**Task description:**
Among the entries that follow, some lines contain the word "with". Show all of them.

[Saved data entries]
=-=-=-=-=
(* Let $E_1,\dots,E_N$ be a symmetric sequence of events with correlation functions $G_k$. Then for every $k$ with $2\le k\le N$ and all $r_2,\dots,r_k\in\{0,1\}$, $$G_k(1,r_2,\dots,r_k)=-G_k(0,r_2,\dots,r_k).$$
   Context: $\mathbbm{1}_E$ is the indicator function of an event $E$. A finite sequence of events $E_1,\dots,E_N$ on a common probability space is called symmetric if for all $r_1,\dots,r_N\in\{0,1\}$ and all permutations $\sigma$ of $\{1,\dots,N\}$, $P(\mathbbm{1}_{E_1}=r_1,\dots,\mathbbm{1}_{E_N}=r_N)=P(\mathbbm{1}_{E_1}=r_{\sigma(1)},\dots,\mathbbm{1}_{E_N}=r_{\sigma(N)})$. For $1\le k\le N$ the probability function of order $k$ is $P_k(r_1,\dots,r_k):=\sum_{r_{k+1},\dots,r_N\in\{0,1\}}P(\mathbbm{1}_{E_1}=r_1,\dots,\mathbbm{1}_{E_N}=r_N)$. The correlation functions $G_k:\{0,1\}^k\to\mathbb{R}$ are defined by $G_1:=P_1$ and, recursively for $1<k\le N$, $$G_k(r_1,\dots,r_k):=P_k(r_1,\dots,r_k)-\sum_{\sigma}\sum_{l=1}^{k-1}\frac{1}{(l-1)!\,(k-l)!}G_l(r_1,r_{\sigma(2)},\dots,r_{\sigma(l)})\,P_{k-l}(r_{\sigma(l+1)},\dots,r_{\sigma(k)}),$$ where $\sigma$ runs over all permutations of $\{2,\dots,k\}$. *)

theory Defs
  imports "HOL-Probability.Probability"
begin

text \<open>Events are indexed 0,...,N-1 (paper: 1,...,N). Value vectors (r_1,...,r_k) are
  lists of naturals with entries in {0,1}.\<close>

definition joint_prob :: "'a measure \<Rightarrow> (nat \<Rightarrow> 'a set) \<Rightarrow> nat list \<Rightarrow> real" where
  "joint_prob M E rs =
     measure M {\<omega> \<in> space M. \<forall>i<length rs. indicator (E i) \<omega> = real (rs ! i)}"

definition symmetric_events :: "'a measure \<Rightarrow> (nat \<Rightarrow> 'a set) \<Rightarrow> nat \<Rightarrow> bool" where
  "symmetric_events M E N \<longleftrightarrow>
     (\<forall>rs \<sigma>. length rs = N \<longrightarrow> set rs \<subseteq> {0,1} \<longrightarrow> \<sigma> permutes {..<N} \<longrightarrow>
        joint_prob M E rs = joint_prob M E (map (\<lambda>i. rs ! \<sigma> i) [0..<N]))"

definition prob_fun :: "'a measure \<Rightarrow> (nat \<Rightarrow> 'a set) \<Rightarrow> nat \<Rightarrow> nat \<Rightarrow> nat list \<Rightarrow> real" where
  "prob_fun M E N k rs =
     (\<Sum>ts\<in>{ts. length ts = N - k \<and> set ts \<subseteq> {0,1}}. joint_prob M E (rs @ ts))"

text \<open>Correlation functions G_k (argument list of length k). Permutations of {2..k}
  become permutations of the 0-based positions {1..<k}.\<close>
function corr_fun :: "'a measure \<Rightarrow> (nat \<Rightarrow> 'a set) \<Rightarrow> nat \<Rightarrow> nat \<Rightarrow> nat list \<Rightarrow> real" where
  "corr_fun M E N k rs =
     (if k \<le> 1 then prob_fun M E N 1 rs
      else prob_fun M E N k rs -
        (\<Sum>\<sigma>\<in>{\<sigma>. \<sigma> permutes {1..<k}}. \<Sum>l\<in>{1..<k}.
           (1 / (fact (l - 1) * fact (k - l))) *
           corr_fun M E N l (rs ! 0 # map (\<lambda>i. rs ! \<sigma> i) [1..<l]) *
           prob_fun M E N (k - l) (map (\<lambda>i. rs ! \<sigma> i) [l..<k])))"
  by pat_completeness auto
termination
  by (relation "Wellfounded.measure (\<lambda>(M, E, N, k, rs). k)") auto

end

theory Submission
  imports Defs
begin

text \<open>Write \<open>S_k(r\<^sub>2,\<dots>,r\<^sub>k) = G_k(1,r\<^sub>2,\<dots>,r\<^sub>k) + G_k(0,r\<^sub>2,\<dots>,r\<^sub>k)\<close>. The defining recursion
  is linear in the \<open>G_l\<close>-factor, whose first argument is always \<open>r\<^sub>1\<close>, so \<open>S_k\<close> satisfies the same
  recursion with \<open>S_l\<close> in place of \<open>G_l\<close>. By induction every \<open>S_l\<close> with \<open>l \<ge> 2\<close> vanishes, and
  \<open>S_1 = P(E\<^sub>1) + P(not E\<^sub>1) = 1\<close>. Only the \<open>l = 1\<close> terms survive; by symmetry each equals
  \<open>P_{k-1}(r\<^sub>2,\<dots>,r\<^sub>k) / (k-1)!\<close>, and there are \<open>(k-1)!\<close> permutations. Their sum cancels
  \<open>P_k(1,r\<^sub>2,\<dots>) + P_k(0,r\<^sub>2,\<dots>) = P_{k-1}(r\<^sub>2,\<dots>,r\<^sub>k)\<close>, so \<open>S_k = 0\<close>.\<close>

locale event_sequence = prob_space M for M :: "'a measure" +
  fixes E :: "nat \<Rightarrow> 'a set" and N :: nat
  assumes sets_E: "i < N \<Longrightarrow> E i \<in> sets M"

locale symmetric_event_sequence = event_sequence +
  assumes symmetric: "symmetric_events M E N"

context event_sequence
begin

lemma joint_event_in_sets:
  assumes "length xs \<le> N"
  shows "{\<omega> \<in> space M. \<forall>i<length xs. indicator (E i) \<omega> = real (xs ! i)} \<in> sets M"
proof -
  have "\<And>i. i < length xs \<Longrightarrow> E i \<in> sets M"
    using assms sets_E by auto
  then show ?thesis by measurable
qed

lemma joint_prob_Nil: "joint_prob M E [] = 1"
  by (simp add: joint_prob_def prob_space)

lemma joint_prob_snoc_0_add_snoc_1:
  assumes "length xs < N"
  shows "joint_prob M E (xs @ [0]) + joint_prob M E (xs @ [1]) = joint_prob M E xs"
proof -
  define A where "A = {\<omega> \<in> space M. \<forall>i<length xs. indicator (E i) \<omega> = real (xs ! i)}"
  let ?F = "E (length xs)"
  have A: "A \<in> sets M" and F: "?F \<in> sets M"
    using joint_event_in_sets[of xs] sets_E assms by (auto simp: A_def)
  have "{\<omega> \<in> space M. \<forall>i<length (xs @ [0]). indicator (E i) \<omega> = real ((xs @ [0]) ! i)} = A - ?F"
    and "{\<omega> \<in> space M. \<forall>i<length (xs @ [1]). indicator (E i) \<omega> = real ((xs @ [1]) ! i)} = A \<inter> ?F"
    by (auto simp: A_def nth_append less_Suc_eq indicator_def split: if_splits)
  moreover have "(A - ?F) \<inter> (A \<inter> ?F) = {}"
    by blast
  then have "measure M A = measure M (A - ?F) + measure M (A \<inter> ?F)"
    using finite_measure_Union[of "A - ?F" "A \<inter> ?F"] A F by (simp add: Un_Diff_Int)
  ultimately show ?thesis
    by (simp add: joint_prob_def A_def)
qed

lemma sum_joint_prob_append:
  assumes "length xs + n \<le> N"
  shows "(\<Sum>ts\<in>{ts. length ts = n \<and> set ts \<subseteq> {0,1}}. joint_prob M E (xs @ ts)) = joint_prob M E xs"
  using assms
proof (induction n arbitrary: xs)
  case 0
  have "{ts::nat list. length ts = 0 \<and> set ts \<subseteq> {0,1}} = {[]}" by auto
  then show ?case by simp
next
  case (Suc n)
  let ?L = "{ts. length ts = n \<and> set ts \<subseteq> {0::nat,1}}"
  have "{ts. length ts = Suc n \<and> set ts \<subseteq> {0,1}} = (\<lambda>(t, ts). t # ts) ` ({0,1} \<times> ?L)"
    by (auto simp: length_Suc_conv image_iff)
  then have "(\<Sum>ts\<in>{ts. length ts = Suc n \<and> set ts \<subseteq> {0,1}}. joint_prob M E (xs @ ts))
      = (\<Sum>t\<in>{0::nat,1}. \<Sum>ts\<in>?L. joint_prob M E ((xs @ [t]) @ ts))"
    by (simp add: sum.reindex inj_on_def sum.cartesian_product case_prod_beta)
  also have "\<dots> = (\<Sum>t\<in>{0::nat,1}. joint_prob M E (xs @ [t]))"
    using Suc by (intro sum.cong refl Suc.IH) auto
  also have "\<dots> = joint_prob M E xs"
    using joint_prob_snoc_0_add_snoc_1[of xs] Suc.prems by simp
  finally show ?case .
qed

lemma prob_fun_eq_joint_prob:
  assumes "length xs = k" "k \<le> N"
  shows "prob_fun M E N k xs = joint_prob M E xs"
  unfolding prob_fun_def using sum_joint_prob_append[of xs "N - k"] assms by simp

lemma corr_fun_1_singleton_add:
  assumes "0 < N"
  shows "corr_fun M E N 1 [1] + corr_fun M E N 1 [0] = 1"
  using joint_prob_snoc_0_add_snoc_1[of "[]"] assms
  by (simp add: prob_fun_eq_joint_prob joint_prob_Nil)

end

context symmetric_event_sequence
begin

lemma joint_prob_mset_eq:
  assumes "length xs \<le> N" "set xs \<subseteq> {0,1}" "mset ys = mset xs"
  shows "joint_prob M E ys = joint_prob M E xs"
proof -
  have full: "joint_prob M E zs' = joint_prob M E zs"
    if zs: "length zs = N" "set zs \<subseteq> {0,1}" "mset zs' = mset zs" for zs zs'
  proof -
    obtain p where p: "p permutes {..<length zs}" "permute_list p zs = zs'"
      using mset_eq_permutation[OF zs(3)] by blast
    have "joint_prob M E zs = joint_prob M E (map (\<lambda>i. zs ! p i) [0..<N])"
      using symmetric zs(1,2) p(1) unfolding symmetric_events_def by auto
    also have "map (\<lambda>i. zs ! p i) [0..<N] = zs'"
      using p(2) zs(1) by (simp add: permute_list_def)
    finally show ?thesis by simp
  qed
  have "length ys = length xs"
    using assms(3) by (metis size_mset)
  \<comment> \<open>Pad both lists with the same tail to full length \<open>N\<close> and marginalise it out again.\<close>
  then have "joint_prob M E ys = prob_fun M E N (length xs) ys"
    using prob_fun_eq_joint_prob[of ys "length xs"] assms(1) by simp
  also have "\<dots> = prob_fun M E N (length xs) xs"
    unfolding prob_fun_def by (intro sum.cong refl full) (use assms in auto)
  also have "\<dots> = joint_prob M E xs"
    using prob_fun_eq_joint_prob assms(1) by simp
  finally show ?thesis .
qed

lemma prob_fun_Cons_1_add_Cons_0:
  assumes "length rs < N" "set rs \<subseteq> {0,1}"
  shows "prob_fun M E N (Suc (length rs)) (1 # rs) + prob_fun M E N (Suc (length rs)) (0 # rs)
    = joint_prob M E rs"
proof -
  have "prob_fun M E N (Suc (length rs)) (r # rs) = joint_prob M E (rs @ [r])" if "r \<in> {0,1}" for r
    using prob_fun_eq_joint_prob[of "r # rs"] joint_prob_mset_eq[of "rs @ [r]" "r # rs"] assms that
    by auto
  then show ?thesis
    using joint_prob_snoc_0_add_snoc_1[OF assms(1)] by simp
qed

end

text \<open>For \<open>\<sigma>\<close> permuting
  \<open>{1..<k}\<close> and \<open>a \<ge> 1\<close> these never touch the head \<open>r\<close>, which is dropped by the shift \<open>\<sigma> i - 1\<close>.\<close>
definition permuted_slice :: "nat list \<Rightarrow> (nat \<Rightarrow> nat) \<Rightarrow> nat \<Rightarrow> nat \<Rightarrow> nat list" where
  "permuted_slice rs \<sigma> a b = map (\<lambda>i. rs ! (\<sigma> i - 1)) [a..<b]"

lemma corr_fun_Cons:
  assumes "2 \<le> k"
  shows "corr_fun M E N k (r # rs) = prob_fun M E N k (r # rs) -
     (\<Sum>\<sigma>\<in>{\<sigma>. \<sigma> permutes {1..<k}}. \<Sum>l\<in>{1..<k}.
        1 / (fact (l - 1) * fact (k - l)) * corr_fun M E N l (r # permuted_slice rs \<sigma> 1 l) *
        prob_fun M E N (k - l) (permuted_slice rs \<sigma> l k))"
proof -
  have slice: "map (\<lambda>i. (r # rs) ! \<sigma> i) [a..<b] = permuted_slice rs \<sigma> a b"
    if "\<sigma> permutes {1..<k}" "1 \<le> a" "b \<le> k" for \<sigma> a b
  proof -
    have "(r # rs) ! \<sigma> i = rs ! (\<sigma> i - 1)" if "i \<in> {a..<b}" for i
      using permutes_in_image[OF \<open>\<sigma> permutes _\<close>, of i] that \<open>1 \<le> a\<close> \<open>b \<le> k\<close>
      by (simp add: nth_Cons')
    then show ?thesis
      unfolding permuted_slice_def by (intro map_cong) auto
  qed
  show ?thesis
    using assms
    by (subst corr_fun.simps) (auto simp del: corr_fun.simps simp: slice intro!: sum.cong)
qed

declare corr_fun.simps [simp del]

lemma corr_fun_Cons_1_add_Cons_0_eq:
  assumes "2 \<le> k"
  shows "corr_fun M E N k (1 # rs) + corr_fun M E N k (0 # rs) =
     (prob_fun M E N k (1 # rs) + prob_fun M E N k (0 # rs)) -
     (\<Sum>\<sigma>\<in>{\<sigma>. \<sigma> permutes {1..<k}}. \<Sum>l\<in>{1..<k}.
        1 / (fact (l - 1) * fact (k - l)) *
        (corr_fun M E N l (1 # permuted_slice rs \<sigma> 1 l) + corr_fun M E N l (0 # permuted_slice rs \<sigma> 1 l)) *
        prob_fun M E N (k - l) (permuted_slice rs \<sigma> l k))"
  unfolding corr_fun_Cons[OF assms] by (simp add: algebra_simps sum.distrib)

lemma set_permuted_slice:
  assumes "\<sigma> permutes {1..<k}" "1 \<le> a" "b \<le> k" "length rs = k - 1"
  shows "set (permuted_slice rs \<sigma> a b) \<subseteq> set rs"
proof -
  have "rs ! (\<sigma> i - 1) \<in> set rs" if "i \<in> {a..<b}" for i
  proof -
    have "\<sigma> i \<in> {1..<k}"
      using permutes_in_image[OF assms(1), of i] that assms(2,3) by simp
    then show ?thesis
      using assms(4) by (intro nth_mem) auto
  qed
  then show ?thesis
    by (auto simp: permuted_slice_def)
qed

lemma mset_permuted_slice:
  assumes "\<sigma> permutes {1..<k}" "length rs = k - 1"
  shows "mset (permuted_slice rs \<sigma> 1 k) = mset rs"
proof -
  have "mset (permuted_slice rs \<sigma> 1 k) = image_mset (\<lambda>j. rs ! (j - 1)) (mset (map \<sigma> [1..<k]))"
    by (simp only: permuted_slice_def mset_map image_mset.compositionality o_def)
  also have "mset (map \<sigma> [1..<k]) = mset [1..<k]"
    using permutes_image_mset[OF assms(1)] by simp
  also have "image_mset (\<lambda>j. rs ! (j - 1)) (mset [1..<k]) = mset (map (\<lambda>j. rs ! (j - 1)) [1..<k])"
    by (simp only: mset_map)
  also have "map (\<lambda>j. rs ! (j - 1)) [1..<k] = rs"
    using assms(2) by (intro nth_equalityI) auto
  finally show ?thesis .
qed

lemma (in symmetric_event_sequence) corr_fun_Cons_1_add_Cons_0:
  assumes "2 \<le> k" "k \<le> N" "length rs = k - 1" "set rs \<subseteq> {0,1}"
  shows "corr_fun M E N k (1 # rs) + corr_fun M E N k (0 # rs) = 0"
  using assms
proof (induction k arbitrary: rs rule: less_induct)
  case (less k)
  let ?S = "\<lambda>l xs. corr_fun M E N l (1 # xs) + corr_fun M E N l (0 # xs)"
  let ?term = "\<lambda>\<sigma> l. 1 / (fact (l - 1) * fact (k - l)) * ?S l (permuted_slice rs \<sigma> 1 l) *
     prob_fun M E N (k - l) (permuted_slice rs \<sigma> l k)"
  have inner: "(\<Sum>l\<in>{1..<k}. ?term \<sigma> l) = joint_prob M E rs / fact (k - 1)"
    if \<sigma>: "\<sigma> permutes {1..<k}" for \<sigma>
  proof -
    have "?term \<sigma> l = 0" if "l \<in> {2..<k}" for l
      using less.IH[of l "permuted_slice rs \<sigma> 1 l"] that less.prems
        set_permuted_slice[OF \<sigma>, of 1 l rs]
      by (auto simp: permuted_slice_def)
    then have "(\<Sum>l\<in>{2..<k}. ?term \<sigma> l) = 0"
      by (intro sum.neutral) blast
    moreover have "(\<Sum>l\<in>{1..<k}. ?term \<sigma> l) = ?term \<sigma> 1 + (\<Sum>l\<in>{2..<k}. ?term \<sigma> l)"
      using less.prems(1) by (subst sum.atLeast_Suc_lessThan) (simp_all add: numeral_2_eq_2)
    ultimately have "(\<Sum>l\<in>{1..<k}. ?term \<sigma> l) = ?term \<sigma> 1"
      by simp
    also have "?S 1 (permuted_slice rs \<sigma> 1 1) = 1"
      using corr_fun_1_singleton_add less.prems by (simp add: permuted_slice_def)
    also have "prob_fun M E N (k - 1) (permuted_slice rs \<sigma> 1 k) = joint_prob M E (permuted_slice rs \<sigma> 1 k)"
      using prob_fun_eq_joint_prob[of "permuted_slice rs \<sigma> 1 k" "k - 1"] less.prems
      by (simp add: permuted_slice_def)
    also have "\<dots> = joint_prob M E rs"
      using joint_prob_mset_eq[OF _ _ mset_permuted_slice[OF \<sigma> less.prems(3)]] less.prems by simp
    finally show ?thesis by simp
  qed
  have "(\<Sum>\<sigma>\<in>{\<sigma>. \<sigma> permutes {1..<k}}. \<Sum>l\<in>{1..<k}. ?term \<sigma> l) = joint_prob M E rs"
    using inner card_permutations[of "{1..<k}" "k - 1"] by simp
  moreover have "prob_fun M E N k (1 # rs) + prob_fun M E N k (0 # rs) = joint_prob M E rs"
    using prob_fun_Cons_1_add_Cons_0[of rs] less.prems by simp
  ultimately show ?case
    using corr_fun_Cons_1_add_Cons_0_eq[OF less.prems(1), of M E N rs] by simp
qed

theorem mainTheorem4:
  fixes M :: "'a measure" and E :: "nat \<Rightarrow> 'a set" and N k :: nat and rs :: "nat list"
  assumes "prob_space M"
    and "\<And>i. i < N \<Longrightarrow> E i \<in> sets M"
    and "symmetric_events M E N"
    and "2 \<le> k" and "k \<le> N"
    and "length rs = k - 1" and "set rs \<subseteq> {0,1}"
  shows "corr_fun M E N k (1 # rs) = - corr_fun M E N k (0 # rs)"
proof -
  interpret symmetric_event_sequence M E N
    using assms(1-3) by (simp add: symmetric_event_sequence_def event_sequence_def
        event_sequence_axioms_def symmetric_event_sequence_axioms_def)
  show ?thesis
    using corr_fun_Cons_1_add_Cons_0 assms(4-7) by (simp add: eq_neg_iff_add_eq_0)
qed

end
=-=-=-=-=
**Task solution:**
(* Let $E_1,\dots,E_N$ be a symmetric sequence of events with correlation functions $G_k$. Then for every $k$ with $2\le k\le N$ and all $r_2,\dots,r_k\in\{0,1\}$, $$G_k(1,r_2,\dots,r_k)=-G_k(0,r_2,\dots,r_k).$$
  lists of naturals with entries in {0,1}.\<close>
  recursion with \<open>S_l\<close> in place of \<open>G_l\<close>. By induction every \<open>S_l\<close> with \<open>l \<ge> 2\<close> vanishes, and
  \<comment> \<open>Pad both lists with the same tail to full length \<open>N\<close> and marginalise it out again.\<close>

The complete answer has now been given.